Work instruction |
Lines of the listing that contain "conjI" need to be copied.

Excerpted records |
****

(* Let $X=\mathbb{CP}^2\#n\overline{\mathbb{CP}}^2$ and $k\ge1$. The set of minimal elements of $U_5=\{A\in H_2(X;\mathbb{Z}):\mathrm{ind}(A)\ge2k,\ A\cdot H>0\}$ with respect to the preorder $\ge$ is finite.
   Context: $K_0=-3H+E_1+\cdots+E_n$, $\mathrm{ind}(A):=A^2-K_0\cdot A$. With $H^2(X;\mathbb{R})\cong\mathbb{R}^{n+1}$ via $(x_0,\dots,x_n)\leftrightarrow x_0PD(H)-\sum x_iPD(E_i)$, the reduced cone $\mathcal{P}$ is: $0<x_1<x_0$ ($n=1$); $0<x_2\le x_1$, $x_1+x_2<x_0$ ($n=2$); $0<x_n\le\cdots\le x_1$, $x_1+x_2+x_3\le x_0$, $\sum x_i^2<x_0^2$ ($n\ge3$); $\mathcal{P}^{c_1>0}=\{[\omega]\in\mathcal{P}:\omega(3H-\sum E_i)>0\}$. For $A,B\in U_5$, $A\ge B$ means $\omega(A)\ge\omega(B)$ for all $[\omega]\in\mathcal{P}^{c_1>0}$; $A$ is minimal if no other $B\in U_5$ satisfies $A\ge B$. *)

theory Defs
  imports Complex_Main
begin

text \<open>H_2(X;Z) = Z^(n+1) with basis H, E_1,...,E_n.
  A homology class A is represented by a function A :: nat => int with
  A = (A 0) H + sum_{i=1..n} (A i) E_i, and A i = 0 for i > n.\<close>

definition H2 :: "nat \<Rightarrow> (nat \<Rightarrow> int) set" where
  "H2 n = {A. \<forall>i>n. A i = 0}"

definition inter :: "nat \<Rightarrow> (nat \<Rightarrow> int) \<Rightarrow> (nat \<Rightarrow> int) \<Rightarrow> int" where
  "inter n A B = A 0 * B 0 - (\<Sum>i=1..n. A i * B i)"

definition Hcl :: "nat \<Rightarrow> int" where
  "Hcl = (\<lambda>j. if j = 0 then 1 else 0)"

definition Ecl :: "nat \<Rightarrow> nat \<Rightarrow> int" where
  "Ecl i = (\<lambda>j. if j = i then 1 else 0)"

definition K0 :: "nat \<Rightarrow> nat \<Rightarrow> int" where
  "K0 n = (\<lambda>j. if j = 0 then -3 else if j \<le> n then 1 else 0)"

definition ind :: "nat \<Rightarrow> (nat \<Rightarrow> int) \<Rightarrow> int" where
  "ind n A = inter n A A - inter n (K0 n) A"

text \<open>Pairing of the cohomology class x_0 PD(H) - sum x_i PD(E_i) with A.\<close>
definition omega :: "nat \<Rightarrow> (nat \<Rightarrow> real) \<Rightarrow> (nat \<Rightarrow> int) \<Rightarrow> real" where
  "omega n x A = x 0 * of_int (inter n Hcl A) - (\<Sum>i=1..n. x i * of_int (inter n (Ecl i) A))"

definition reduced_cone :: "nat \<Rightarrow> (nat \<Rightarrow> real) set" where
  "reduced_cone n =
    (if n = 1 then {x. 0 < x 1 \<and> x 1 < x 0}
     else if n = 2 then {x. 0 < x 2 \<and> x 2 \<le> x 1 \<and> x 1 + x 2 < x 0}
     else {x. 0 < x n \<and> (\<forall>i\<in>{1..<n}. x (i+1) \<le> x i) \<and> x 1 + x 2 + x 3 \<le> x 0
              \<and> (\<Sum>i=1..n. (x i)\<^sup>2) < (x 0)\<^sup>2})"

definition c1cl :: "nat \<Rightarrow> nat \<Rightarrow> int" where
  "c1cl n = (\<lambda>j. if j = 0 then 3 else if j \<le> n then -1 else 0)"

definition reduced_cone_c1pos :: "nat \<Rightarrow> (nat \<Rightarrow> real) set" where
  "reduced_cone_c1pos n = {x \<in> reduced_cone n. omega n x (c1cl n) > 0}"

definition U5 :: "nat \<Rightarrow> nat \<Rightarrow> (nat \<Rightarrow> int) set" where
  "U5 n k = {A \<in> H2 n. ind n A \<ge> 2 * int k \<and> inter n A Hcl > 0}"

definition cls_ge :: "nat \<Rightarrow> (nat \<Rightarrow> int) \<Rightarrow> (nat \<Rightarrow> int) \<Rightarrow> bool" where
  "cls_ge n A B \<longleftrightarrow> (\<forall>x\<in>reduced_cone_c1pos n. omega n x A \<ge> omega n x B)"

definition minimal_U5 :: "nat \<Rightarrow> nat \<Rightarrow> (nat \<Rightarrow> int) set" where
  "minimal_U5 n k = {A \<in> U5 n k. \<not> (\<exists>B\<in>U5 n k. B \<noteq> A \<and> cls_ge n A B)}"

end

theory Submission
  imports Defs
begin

****

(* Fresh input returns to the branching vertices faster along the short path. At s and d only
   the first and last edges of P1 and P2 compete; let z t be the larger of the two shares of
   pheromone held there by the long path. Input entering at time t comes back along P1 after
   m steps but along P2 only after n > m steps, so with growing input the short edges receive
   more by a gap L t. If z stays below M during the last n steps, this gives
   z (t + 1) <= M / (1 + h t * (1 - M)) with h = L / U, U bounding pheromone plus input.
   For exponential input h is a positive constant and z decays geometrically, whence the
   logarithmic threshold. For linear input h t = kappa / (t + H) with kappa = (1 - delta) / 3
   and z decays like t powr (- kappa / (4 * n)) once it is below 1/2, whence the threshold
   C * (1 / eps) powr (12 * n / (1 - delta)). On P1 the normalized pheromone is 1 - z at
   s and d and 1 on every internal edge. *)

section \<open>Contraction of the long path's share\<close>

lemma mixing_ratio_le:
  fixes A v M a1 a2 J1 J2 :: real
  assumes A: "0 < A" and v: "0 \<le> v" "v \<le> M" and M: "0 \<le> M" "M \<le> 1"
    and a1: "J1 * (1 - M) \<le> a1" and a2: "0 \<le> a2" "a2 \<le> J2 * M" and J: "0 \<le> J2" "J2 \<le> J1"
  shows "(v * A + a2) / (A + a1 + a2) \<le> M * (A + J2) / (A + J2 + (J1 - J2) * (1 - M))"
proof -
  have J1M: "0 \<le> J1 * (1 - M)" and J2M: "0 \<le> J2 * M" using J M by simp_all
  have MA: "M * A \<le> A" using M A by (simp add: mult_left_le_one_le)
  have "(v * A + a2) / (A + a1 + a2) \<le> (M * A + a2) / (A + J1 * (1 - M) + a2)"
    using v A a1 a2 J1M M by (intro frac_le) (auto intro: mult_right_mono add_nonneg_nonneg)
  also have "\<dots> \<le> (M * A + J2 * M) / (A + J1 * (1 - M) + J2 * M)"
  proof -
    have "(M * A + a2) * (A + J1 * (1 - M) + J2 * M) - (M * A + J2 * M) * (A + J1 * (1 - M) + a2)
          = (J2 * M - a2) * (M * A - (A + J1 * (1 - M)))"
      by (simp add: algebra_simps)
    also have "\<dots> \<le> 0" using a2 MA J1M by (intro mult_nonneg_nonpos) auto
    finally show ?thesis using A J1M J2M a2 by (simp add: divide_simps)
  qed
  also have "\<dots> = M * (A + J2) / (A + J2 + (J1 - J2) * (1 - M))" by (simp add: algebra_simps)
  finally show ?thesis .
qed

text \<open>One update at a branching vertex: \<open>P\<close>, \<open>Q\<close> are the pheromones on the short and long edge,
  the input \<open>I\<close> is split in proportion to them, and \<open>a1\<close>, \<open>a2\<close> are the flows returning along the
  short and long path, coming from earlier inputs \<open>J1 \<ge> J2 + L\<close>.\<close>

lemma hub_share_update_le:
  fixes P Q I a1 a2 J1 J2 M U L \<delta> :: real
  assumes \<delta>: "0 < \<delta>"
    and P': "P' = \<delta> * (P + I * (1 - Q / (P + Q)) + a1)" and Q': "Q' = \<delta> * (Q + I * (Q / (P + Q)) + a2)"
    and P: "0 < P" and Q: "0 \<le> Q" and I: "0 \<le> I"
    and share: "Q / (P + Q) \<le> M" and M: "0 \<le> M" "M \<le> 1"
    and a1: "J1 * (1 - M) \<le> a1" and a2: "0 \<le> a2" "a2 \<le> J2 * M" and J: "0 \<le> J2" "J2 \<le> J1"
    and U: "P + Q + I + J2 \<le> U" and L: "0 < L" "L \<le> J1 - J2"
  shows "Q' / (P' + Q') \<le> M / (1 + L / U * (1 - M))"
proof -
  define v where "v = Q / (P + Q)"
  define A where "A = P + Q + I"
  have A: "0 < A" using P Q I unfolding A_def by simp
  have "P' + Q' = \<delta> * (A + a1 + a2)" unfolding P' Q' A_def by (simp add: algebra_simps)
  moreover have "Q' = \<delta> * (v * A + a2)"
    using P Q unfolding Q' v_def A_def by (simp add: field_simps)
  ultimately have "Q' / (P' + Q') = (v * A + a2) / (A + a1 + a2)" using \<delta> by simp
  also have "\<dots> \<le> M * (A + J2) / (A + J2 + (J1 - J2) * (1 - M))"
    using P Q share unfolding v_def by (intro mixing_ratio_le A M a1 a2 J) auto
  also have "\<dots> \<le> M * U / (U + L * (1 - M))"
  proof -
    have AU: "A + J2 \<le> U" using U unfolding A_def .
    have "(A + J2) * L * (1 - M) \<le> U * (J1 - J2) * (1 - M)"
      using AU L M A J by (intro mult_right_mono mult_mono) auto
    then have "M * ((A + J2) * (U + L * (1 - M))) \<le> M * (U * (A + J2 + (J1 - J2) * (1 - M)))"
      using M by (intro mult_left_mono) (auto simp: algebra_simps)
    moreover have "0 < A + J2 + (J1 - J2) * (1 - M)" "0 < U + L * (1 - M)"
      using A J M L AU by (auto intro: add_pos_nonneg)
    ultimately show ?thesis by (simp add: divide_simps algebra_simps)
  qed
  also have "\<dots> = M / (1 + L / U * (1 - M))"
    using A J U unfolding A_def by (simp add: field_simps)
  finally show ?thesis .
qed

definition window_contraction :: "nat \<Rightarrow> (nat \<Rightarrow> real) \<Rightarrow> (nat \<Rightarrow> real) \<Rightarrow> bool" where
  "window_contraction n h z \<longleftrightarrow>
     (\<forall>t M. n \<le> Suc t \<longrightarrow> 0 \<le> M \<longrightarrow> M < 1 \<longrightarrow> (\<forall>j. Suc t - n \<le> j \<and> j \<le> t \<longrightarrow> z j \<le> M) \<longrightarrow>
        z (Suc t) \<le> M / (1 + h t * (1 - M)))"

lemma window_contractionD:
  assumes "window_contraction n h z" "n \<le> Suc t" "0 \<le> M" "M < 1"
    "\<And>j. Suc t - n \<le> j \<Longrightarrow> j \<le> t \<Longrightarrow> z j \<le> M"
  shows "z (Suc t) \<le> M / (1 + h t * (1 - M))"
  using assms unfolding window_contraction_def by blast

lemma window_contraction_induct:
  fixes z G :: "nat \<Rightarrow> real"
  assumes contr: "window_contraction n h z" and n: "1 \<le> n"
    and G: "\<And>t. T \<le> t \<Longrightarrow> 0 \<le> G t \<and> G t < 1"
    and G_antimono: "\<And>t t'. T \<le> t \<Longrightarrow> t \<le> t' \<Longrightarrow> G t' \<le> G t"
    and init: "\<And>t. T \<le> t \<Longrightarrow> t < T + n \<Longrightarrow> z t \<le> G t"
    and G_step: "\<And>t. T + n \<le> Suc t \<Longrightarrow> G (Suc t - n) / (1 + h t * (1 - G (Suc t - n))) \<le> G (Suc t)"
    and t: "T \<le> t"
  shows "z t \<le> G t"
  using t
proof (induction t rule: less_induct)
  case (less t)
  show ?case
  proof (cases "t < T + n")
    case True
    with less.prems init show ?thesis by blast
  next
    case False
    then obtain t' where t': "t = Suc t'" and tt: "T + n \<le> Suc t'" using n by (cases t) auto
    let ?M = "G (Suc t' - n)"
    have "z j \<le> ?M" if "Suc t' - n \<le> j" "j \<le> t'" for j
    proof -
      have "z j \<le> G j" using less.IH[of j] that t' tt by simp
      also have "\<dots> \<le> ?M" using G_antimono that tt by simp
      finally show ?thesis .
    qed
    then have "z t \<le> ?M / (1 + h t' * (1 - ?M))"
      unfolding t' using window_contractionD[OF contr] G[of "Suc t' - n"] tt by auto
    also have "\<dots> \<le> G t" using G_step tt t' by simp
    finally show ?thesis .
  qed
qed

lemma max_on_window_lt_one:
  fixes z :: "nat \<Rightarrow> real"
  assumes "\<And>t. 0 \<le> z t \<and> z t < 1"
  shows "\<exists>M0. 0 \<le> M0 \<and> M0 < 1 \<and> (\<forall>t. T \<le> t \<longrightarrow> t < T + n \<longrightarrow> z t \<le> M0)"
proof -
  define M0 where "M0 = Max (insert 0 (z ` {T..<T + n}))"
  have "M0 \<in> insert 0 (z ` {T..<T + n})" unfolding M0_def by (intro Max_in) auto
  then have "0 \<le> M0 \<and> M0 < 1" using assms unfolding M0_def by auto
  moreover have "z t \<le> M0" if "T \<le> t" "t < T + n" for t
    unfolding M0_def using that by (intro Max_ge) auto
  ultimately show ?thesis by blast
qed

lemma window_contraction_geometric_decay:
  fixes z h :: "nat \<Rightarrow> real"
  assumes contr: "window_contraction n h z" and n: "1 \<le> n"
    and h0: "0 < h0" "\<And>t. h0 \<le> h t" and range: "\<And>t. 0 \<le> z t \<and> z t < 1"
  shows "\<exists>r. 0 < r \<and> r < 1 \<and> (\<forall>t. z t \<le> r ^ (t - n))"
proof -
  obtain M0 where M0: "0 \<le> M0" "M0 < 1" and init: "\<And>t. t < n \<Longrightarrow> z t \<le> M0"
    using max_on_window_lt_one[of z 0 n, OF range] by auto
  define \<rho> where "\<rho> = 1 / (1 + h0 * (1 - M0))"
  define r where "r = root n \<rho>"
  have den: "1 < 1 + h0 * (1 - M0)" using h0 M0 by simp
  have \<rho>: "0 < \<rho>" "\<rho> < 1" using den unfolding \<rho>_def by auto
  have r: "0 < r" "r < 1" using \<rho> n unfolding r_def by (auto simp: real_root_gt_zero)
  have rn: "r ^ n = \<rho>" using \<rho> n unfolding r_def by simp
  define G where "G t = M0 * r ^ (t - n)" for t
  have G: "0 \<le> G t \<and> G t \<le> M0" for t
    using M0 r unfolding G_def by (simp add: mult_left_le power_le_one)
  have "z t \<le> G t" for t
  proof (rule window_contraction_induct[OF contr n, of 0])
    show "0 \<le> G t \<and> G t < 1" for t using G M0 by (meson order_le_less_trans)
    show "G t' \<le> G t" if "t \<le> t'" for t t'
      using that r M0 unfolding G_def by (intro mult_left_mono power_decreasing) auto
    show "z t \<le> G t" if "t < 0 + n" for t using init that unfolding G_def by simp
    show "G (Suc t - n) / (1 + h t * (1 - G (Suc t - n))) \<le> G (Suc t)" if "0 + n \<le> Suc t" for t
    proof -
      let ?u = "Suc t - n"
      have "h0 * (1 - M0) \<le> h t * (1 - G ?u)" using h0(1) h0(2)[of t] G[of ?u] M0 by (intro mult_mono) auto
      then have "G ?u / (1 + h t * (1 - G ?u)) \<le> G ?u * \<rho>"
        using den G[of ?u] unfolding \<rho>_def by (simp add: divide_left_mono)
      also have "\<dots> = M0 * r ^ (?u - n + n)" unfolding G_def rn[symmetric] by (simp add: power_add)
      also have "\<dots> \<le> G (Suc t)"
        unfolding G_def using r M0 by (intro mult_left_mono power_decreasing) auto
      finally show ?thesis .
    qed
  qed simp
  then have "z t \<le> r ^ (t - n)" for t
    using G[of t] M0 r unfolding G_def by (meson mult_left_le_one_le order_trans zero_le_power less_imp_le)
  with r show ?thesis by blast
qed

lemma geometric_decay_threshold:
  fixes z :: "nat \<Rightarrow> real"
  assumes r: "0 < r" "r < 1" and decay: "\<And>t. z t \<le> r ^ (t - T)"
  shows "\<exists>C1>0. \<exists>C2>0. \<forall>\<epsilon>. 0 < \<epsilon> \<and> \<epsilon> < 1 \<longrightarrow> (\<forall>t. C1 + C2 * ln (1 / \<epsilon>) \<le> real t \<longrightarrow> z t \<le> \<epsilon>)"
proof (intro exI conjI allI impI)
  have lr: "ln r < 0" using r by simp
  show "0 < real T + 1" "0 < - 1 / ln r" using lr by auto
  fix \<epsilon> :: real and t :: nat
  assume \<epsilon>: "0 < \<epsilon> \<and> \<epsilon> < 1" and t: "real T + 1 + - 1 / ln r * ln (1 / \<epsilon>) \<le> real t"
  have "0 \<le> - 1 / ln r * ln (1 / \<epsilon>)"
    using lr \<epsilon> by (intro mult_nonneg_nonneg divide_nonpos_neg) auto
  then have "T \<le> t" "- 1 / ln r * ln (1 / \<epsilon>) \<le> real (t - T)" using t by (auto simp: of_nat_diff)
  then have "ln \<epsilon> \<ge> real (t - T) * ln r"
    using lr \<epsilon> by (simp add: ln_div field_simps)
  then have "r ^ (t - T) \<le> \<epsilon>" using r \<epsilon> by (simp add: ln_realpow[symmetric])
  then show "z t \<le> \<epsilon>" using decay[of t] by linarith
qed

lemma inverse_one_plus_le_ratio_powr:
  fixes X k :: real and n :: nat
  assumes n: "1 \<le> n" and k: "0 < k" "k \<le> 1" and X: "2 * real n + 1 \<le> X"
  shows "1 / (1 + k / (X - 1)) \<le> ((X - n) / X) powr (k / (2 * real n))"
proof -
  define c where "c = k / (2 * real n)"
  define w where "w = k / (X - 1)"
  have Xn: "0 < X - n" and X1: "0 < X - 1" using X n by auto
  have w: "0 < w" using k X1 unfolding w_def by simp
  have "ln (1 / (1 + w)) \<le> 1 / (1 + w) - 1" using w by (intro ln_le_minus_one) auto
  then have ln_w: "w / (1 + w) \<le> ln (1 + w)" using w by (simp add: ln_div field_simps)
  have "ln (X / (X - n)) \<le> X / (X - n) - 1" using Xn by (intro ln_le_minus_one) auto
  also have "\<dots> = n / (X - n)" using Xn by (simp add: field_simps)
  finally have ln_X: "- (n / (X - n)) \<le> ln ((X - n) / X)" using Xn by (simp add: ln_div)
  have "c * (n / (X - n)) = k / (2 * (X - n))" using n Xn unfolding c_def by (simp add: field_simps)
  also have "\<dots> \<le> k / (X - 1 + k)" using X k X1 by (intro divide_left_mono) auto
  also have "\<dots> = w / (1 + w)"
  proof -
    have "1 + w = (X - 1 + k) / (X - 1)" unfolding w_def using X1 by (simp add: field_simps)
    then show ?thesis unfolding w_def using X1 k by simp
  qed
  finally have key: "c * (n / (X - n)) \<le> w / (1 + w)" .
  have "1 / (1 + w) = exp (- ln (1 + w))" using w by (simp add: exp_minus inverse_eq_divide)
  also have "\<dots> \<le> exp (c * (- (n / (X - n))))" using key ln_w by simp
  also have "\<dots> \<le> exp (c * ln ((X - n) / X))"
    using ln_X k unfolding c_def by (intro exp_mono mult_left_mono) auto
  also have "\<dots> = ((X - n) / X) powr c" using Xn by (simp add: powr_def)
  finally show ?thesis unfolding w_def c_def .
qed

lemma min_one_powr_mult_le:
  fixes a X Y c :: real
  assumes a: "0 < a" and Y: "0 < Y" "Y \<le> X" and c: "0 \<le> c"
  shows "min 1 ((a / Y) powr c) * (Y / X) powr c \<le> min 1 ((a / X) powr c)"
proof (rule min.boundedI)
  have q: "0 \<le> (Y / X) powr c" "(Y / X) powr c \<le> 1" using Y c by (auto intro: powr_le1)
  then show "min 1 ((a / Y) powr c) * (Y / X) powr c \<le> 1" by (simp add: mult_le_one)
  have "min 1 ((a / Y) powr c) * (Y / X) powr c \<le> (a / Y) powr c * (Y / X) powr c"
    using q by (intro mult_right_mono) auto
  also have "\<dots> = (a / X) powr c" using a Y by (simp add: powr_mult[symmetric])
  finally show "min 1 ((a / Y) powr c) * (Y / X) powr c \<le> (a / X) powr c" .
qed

****

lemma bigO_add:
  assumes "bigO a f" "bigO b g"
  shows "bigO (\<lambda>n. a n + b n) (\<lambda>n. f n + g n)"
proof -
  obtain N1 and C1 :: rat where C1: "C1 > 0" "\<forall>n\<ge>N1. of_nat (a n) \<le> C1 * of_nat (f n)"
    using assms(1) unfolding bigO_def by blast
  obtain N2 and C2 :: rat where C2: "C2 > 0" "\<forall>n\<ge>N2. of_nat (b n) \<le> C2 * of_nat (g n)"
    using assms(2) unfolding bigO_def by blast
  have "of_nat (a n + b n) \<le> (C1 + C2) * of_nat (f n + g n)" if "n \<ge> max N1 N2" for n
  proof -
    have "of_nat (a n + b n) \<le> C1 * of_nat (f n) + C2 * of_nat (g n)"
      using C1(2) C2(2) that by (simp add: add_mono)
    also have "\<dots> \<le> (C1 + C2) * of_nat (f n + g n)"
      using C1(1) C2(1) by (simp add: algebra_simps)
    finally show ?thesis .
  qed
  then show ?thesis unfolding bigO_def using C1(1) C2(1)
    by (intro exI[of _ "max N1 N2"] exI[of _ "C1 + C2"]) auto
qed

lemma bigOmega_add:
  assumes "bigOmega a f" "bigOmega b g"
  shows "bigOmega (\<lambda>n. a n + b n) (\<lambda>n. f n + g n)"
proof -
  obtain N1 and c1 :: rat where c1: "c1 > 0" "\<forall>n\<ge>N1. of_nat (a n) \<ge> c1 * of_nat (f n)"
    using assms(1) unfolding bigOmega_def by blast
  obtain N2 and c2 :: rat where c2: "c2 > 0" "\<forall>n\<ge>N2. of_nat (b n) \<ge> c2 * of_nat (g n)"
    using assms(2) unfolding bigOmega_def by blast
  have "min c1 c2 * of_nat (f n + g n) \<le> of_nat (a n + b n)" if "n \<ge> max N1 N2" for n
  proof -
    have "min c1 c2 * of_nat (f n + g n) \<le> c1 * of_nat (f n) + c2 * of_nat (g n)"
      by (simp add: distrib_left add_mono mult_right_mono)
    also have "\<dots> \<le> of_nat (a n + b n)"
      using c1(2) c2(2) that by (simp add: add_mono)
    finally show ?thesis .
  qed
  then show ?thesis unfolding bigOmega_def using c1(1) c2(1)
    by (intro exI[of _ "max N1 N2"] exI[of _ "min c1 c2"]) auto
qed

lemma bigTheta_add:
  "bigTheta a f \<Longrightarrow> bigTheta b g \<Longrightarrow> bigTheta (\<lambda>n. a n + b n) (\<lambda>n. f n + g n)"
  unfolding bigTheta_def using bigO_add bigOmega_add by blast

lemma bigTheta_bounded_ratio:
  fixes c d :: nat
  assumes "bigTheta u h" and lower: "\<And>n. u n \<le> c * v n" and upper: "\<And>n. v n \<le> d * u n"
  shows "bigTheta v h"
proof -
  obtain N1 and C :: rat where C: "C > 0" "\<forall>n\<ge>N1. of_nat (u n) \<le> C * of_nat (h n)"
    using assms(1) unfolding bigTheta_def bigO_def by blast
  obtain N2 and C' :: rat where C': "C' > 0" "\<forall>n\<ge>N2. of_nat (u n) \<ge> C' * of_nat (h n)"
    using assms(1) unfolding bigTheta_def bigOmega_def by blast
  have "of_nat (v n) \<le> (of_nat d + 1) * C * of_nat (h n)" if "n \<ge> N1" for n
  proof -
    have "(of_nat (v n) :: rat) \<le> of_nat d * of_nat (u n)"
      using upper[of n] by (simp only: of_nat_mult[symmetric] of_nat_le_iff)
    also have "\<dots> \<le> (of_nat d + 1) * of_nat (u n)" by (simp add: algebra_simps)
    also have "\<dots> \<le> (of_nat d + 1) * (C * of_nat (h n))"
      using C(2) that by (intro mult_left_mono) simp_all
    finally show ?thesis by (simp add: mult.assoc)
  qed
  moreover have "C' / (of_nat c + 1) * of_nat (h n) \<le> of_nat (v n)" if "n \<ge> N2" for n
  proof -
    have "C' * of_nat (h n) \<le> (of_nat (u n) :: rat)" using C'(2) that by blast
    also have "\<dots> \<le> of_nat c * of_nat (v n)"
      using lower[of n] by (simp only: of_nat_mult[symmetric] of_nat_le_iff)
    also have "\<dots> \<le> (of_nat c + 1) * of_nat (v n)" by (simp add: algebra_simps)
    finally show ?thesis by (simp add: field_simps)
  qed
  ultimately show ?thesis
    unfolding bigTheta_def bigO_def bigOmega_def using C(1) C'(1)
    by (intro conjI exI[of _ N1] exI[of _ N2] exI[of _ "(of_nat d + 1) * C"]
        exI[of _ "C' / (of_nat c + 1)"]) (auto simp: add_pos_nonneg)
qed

****

Exercise result |
proof (intro exI conjI allI impI)
    by (intro conjI exI[of _ N1] exI[of _ N2] exI[of _ "(of_nat d + 1) * C"]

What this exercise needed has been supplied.